Directions for this task –
Where in the data does the word "definition" appear? Find those lines and copy them.

(Collected data)
(* Let $K$ be a field of characteristic $0$, let $L=\mathcal{L}(x,y)$ be the free Lie algebra over $K$ freely generated by $x,y$, and let $\delta$ be the derivation of $L$ determined by $\delta(x)=0$, $\delta(y)=x$. Let $k\geq 0$ be an integer and $p\in L$, and put $f=[p,\delta^k(p)]$. Then $f$ is a $K$-linear combination of pseudodeterminants of degree $(k,0)$, i.e. of elements $U^{(k,0)}_{A,B}=[\delta^k(A),B]-[A,\delta^k(B)]$ with $A,B$ Hall monomials.
   Context: For Hall monomials $A,B$ of $L$ (elements of the Hall basis of $L$, built from basic words with respect to the degree-lexicographic order with $x<y$) and integers $m,k\geq 0$, the pseudodeterminant of degree $(m,k)$ is $U^{(m,k)}_{A,B}=[\delta^m(A),\delta^{k}(B)]-[\delta^{k}(A),\delta^m(B)]$. *)

theory Defs
  imports "HOL-Library.Poly_Mapping"
begin

text \<open>Free associative algebra K<x,y> over the letters x = False, y = True
  (so x < y), realised as finitely supported functions from words to K.\<close>

type_synonym 'a nc = "bool list \<Rightarrow>\<^sub>0 'a"

definition nc_scale :: "'a::ring \<Rightarrow> 'a nc \<Rightarrow> 'a nc" where
  "nc_scale c p = Poly_Mapping.map (\<lambda>a. c * a) p"

definition nc_mult :: "'a::ring nc \<Rightarrow> 'a nc \<Rightarrow> 'a nc" where
  "nc_mult p q = (\<Sum>u\<in>Poly_Mapping.keys p. \<Sum>v\<in>Poly_Mapping.keys q.
      Poly_Mapping.single (u @ v) (Poly_Mapping.lookup p u * Poly_Mapping.lookup q v))"

definition lie :: "'a::ring nc \<Rightarrow> 'a nc \<Rightarrow> 'a nc" where
  "lie p q = nc_mult p q - nc_mult q p"

inductive_set free_lie :: "'a::ring_1 nc set" where
  gen_x: "Poly_Mapping.single [False] 1 \<in> free_lie"
| gen_y: "Poly_Mapping.single [True] 1 \<in> free_lie"
| add: "p \<in> free_lie \<Longrightarrow> q \<in> free_lie \<Longrightarrow> p + q \<in> free_lie"
| scale: "p \<in> free_lie \<Longrightarrow> nc_scale c p \<in> free_lie"
| bracket: "p \<in> free_lie \<Longrightarrow> q \<in> free_lie \<Longrightarrow> lie p q \<in> free_lie"

text \<open>The derivation delta with delta(x) = 0, delta(y) = x: on a word it replaces
  one occurrence of y by x in all possible ways (Leibniz rule); extended linearly.\<close>
definition delta_word :: "bool list \<Rightarrow> 'a::ring_1 nc" where
  "delta_word w = (\<Sum>i\<in>{i. i < length w \<and> w ! i = True}.
      Poly_Mapping.single (w[i := False]) 1)"

definition delta :: "'a::ring_1 nc \<Rightarrow> 'a nc" where
  "delta p = (\<Sum>w\<in>Poly_Mapping.keys p. nc_scale (Poly_Mapping.lookup p w) (delta_word w))"

definition lyndon :: "bool list \<Rightarrow> bool" where
  "lyndon w \<longleftrightarrow> w \<noteq> [] \<and>
     (\<forall>i. 0 < i \<and> i < length w \<longrightarrow> (w, drop i w) \<in> lexord {(a, b). a < b})"

definition std_split :: "bool list \<Rightarrow> nat" where
  "std_split w = (LEAST i. 0 < i \<and> i < length w \<and> lyndon (drop i w))"

lemma lyndon_single: "lyndon [a]"
  by (auto simp: lyndon_def)

lemma std_split_bounds:
  assumes "2 \<le> length w"
  shows "0 < std_split w \<and> std_split w < length w"
proof -
  have "lyndon (drop (length w - 1) w)"
    using assms by (cases w rule: rev_cases) (auto simp: lyndon_single)
  hence ex: "0 < length w - 1 \<and> length w - 1 < length w \<and> lyndon (drop (length w - 1) w)"
    using assms by auto
  show ?thesis unfolding std_split_def using LeastI[of "\<lambda>i. 0 < i \<and> i < length w \<and> lyndon (drop i w)" "length w - 1", OF ex] by blast
qed

function hall_mono :: "bool list \<Rightarrow> 'a::ring_1 nc" where
  "hall_mono w = (if length w \<le> 1 then Poly_Mapping.single w 1
     else lie (hall_mono (take (std_split w) w)) (hall_mono (drop (std_split w) w)))"
  by auto
termination
proof (relation "measure length")
  fix w :: "bool list"
  assume "\<not> length w \<le> 1"
  then have "0 < std_split w \<and> std_split w < length w" by (intro std_split_bounds) simp
  then show "(take (std_split w) w, w) \<in> measure length"
    and "(drop (std_split w) w, w) \<in> measure length" by auto
qed simp

definition hall_monomials :: "'a::ring_1 nc set" where
  "hall_monomials = {hall_mono w | w. lyndon w}"

definition pseudodet :: "nat \<Rightarrow> nat \<Rightarrow> 'a::ring_1 nc \<Rightarrow> 'a nc \<Rightarrow> 'a nc" where
  "pseudodet m k A B = lie ((delta ^^ m) A) ((delta ^^ k) B) - lie ((delta ^^ k) A) ((delta ^^ m) B)"

end

theory Submission
  imports Defs "HOL-Library.List_Lexorder" HOL.Modules
begin

text \<open>The Hall monomials \<open>H w\<close> of Lyndon words \<open>w\<close> span the free Lie algebra. It suffices to
  rewrite a bracket \<open>[H h, H k]\<close> with \<open>h < k\<close>: if \<open>h\<close> is a letter or its right standard factor
  is at least \<open>k\<close>, the bracket is the Hall monomial of the Lyndon word \<open>h k\<close>; otherwise
  \<open>h = u v\<close> with \<open>v < k\<close> and the Jacobi identity
  \<open>[[H u, H v], H k] = [H u, [H v, H k]] - [H v, [H u, H k]]\<close> leads to brackets of smaller
  total length, or of equal total length whose larger word is smaller than \<open>k\<close>.

  Now write \<open>p = \<Sum> a\<^sub>A A\<close> over Hall monomials and let \<open>D = \<delta>\<^sup>k\<close>. By bilinearity,
  \<open>\<Sum> a\<^sub>A a\<^sub>B ([D A, B] - [A, D B]) = [D p, p] - [p, D p] = -2 [p, D p]\<close>, and dividing by \<open>-2\<close>
  expresses \<open>[p, D p]\<close> through pseudodeterminants of degree \<open>(k, 0)\<close>.\<close>

section \<open>The free associative algebra\<close>

text \<open>Concatenation as monoid addition on words makes \<open>'a nc\<close> the monoid algebra of the
  free monoid, so it inherits the ring structure of poly-mappings; \<open>nc_mult\<close> turns out to be
  its multiplication.\<close>

instantiation list :: (type) monoid_add
begin
definition zero_list_def: "(0::'a list) = []"
definition plus_list_def: "(xs::'a list) + ys = xs @ ys"
instance by standard (simp_all add: zero_list_def plus_list_def)
end

lemma poly_mapping_sum_single:
  "p = (\<Sum>u\<in>Poly_Mapping.keys p. Poly_Mapping.single u (Poly_Mapping.lookup p u))"
  by (rule poly_mapping_eqI) (simp add: lookup_sum lookup_single when_def in_keys_iff)

lemma nc_mult_eq_times: "nc_mult p q = p * q"
proof -
  have "p * q = (\<Sum>u\<in>Poly_Mapping.keys p. Poly_Mapping.single u (Poly_Mapping.lookup p u)) *
     (\<Sum>v\<in>Poly_Mapping.keys q. Poly_Mapping.single v (Poly_Mapping.lookup q v))"
    using poly_mapping_sum_single[of p] poly_mapping_sum_single[of q] by simp
  also have "\<dots> = nc_mult p q"
    unfolding nc_mult_def sum_product by (simp add: mult_single plus_list_def)
  finally show ?thesis by simp
qed

lemma lie_eq_commutator: "lie p q = p * q - q * p"
  by (simp add: lie_def nc_mult_eq_times)

lemma nc_scale_eq_times: "nc_scale c p = Poly_Mapping.single [] c * p"
  unfolding nc_scale_def mult_map_scale_conv_mult zero_list_def ..

lemma single_Nil_commute:
  "Poly_Mapping.single [] (c::'a::comm_ring_1) * p = p * Poly_Mapping.single [] c"
  by (subst (1 2) poly_mapping_sum_single[of p])
    (simp add: sum_distrib_left sum_distrib_right mult_single plus_list_def mult.commute)

lemma times_single_Nil_left_commute:
  "q * (Poly_Mapping.single [] (c::'a::comm_ring_1) * p) = Poly_Mapping.single [] c * (q * p)"
  by (metis mult.assoc single_Nil_commute)

interpretation NC: module "nc_scale :: 'a::comm_ring_1 \<Rightarrow> 'a nc \<Rightarrow> 'a nc"
proof
  fix a b :: 'a and x y :: "'a nc"
  show "nc_scale a (x + y) = nc_scale a x + nc_scale a y"
    by (simp add: nc_scale_eq_times distrib_left)
  show "nc_scale (a + b) x = nc_scale a x + nc_scale b x"
    by (simp add: nc_scale_eq_times single_add distrib_right)
  show "nc_scale a (nc_scale b x) = nc_scale (a * b) x"
    by (simp add: nc_scale_eq_times mult.assoc[symmetric] mult_single plus_list_def)
  show "nc_scale 1 x = x"
    by (simp add: nc_scale_eq_times zero_list_def[symmetric])
qed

Exercise result –
definition nc_scale :: "'a::ring \<Rightarrow> 'a nc \<Rightarrow> 'a nc" where
definition nc_mult :: "'a::ring nc \<Rightarrow> 'a nc \<Rightarrow> 'a nc" where
definition lie :: "'a::ring nc \<Rightarrow> 'a nc \<Rightarrow> 'a nc" where
definition delta_word :: "bool list \<Rightarrow> 'a::ring_1 nc" where
definition delta :: "'a::ring_1 nc \<Rightarrow> 'a nc" where
definition lyndon :: "bool list \<Rightarrow> bool" where
definition std_split :: "bool list \<Rightarrow> nat" where
definition hall_monomials :: "'a::ring_1 nc set" where
definition pseudodet :: "nat \<Rightarrow> nat \<Rightarrow> 'a::ring_1 nc \<Rightarrow> 'a nc \<Rightarrow> 'a nc" where
definition zero_list_def: "(0::'a list) = []"
definition plus_list_def: "(xs::'a list) + ys = xs @ ys"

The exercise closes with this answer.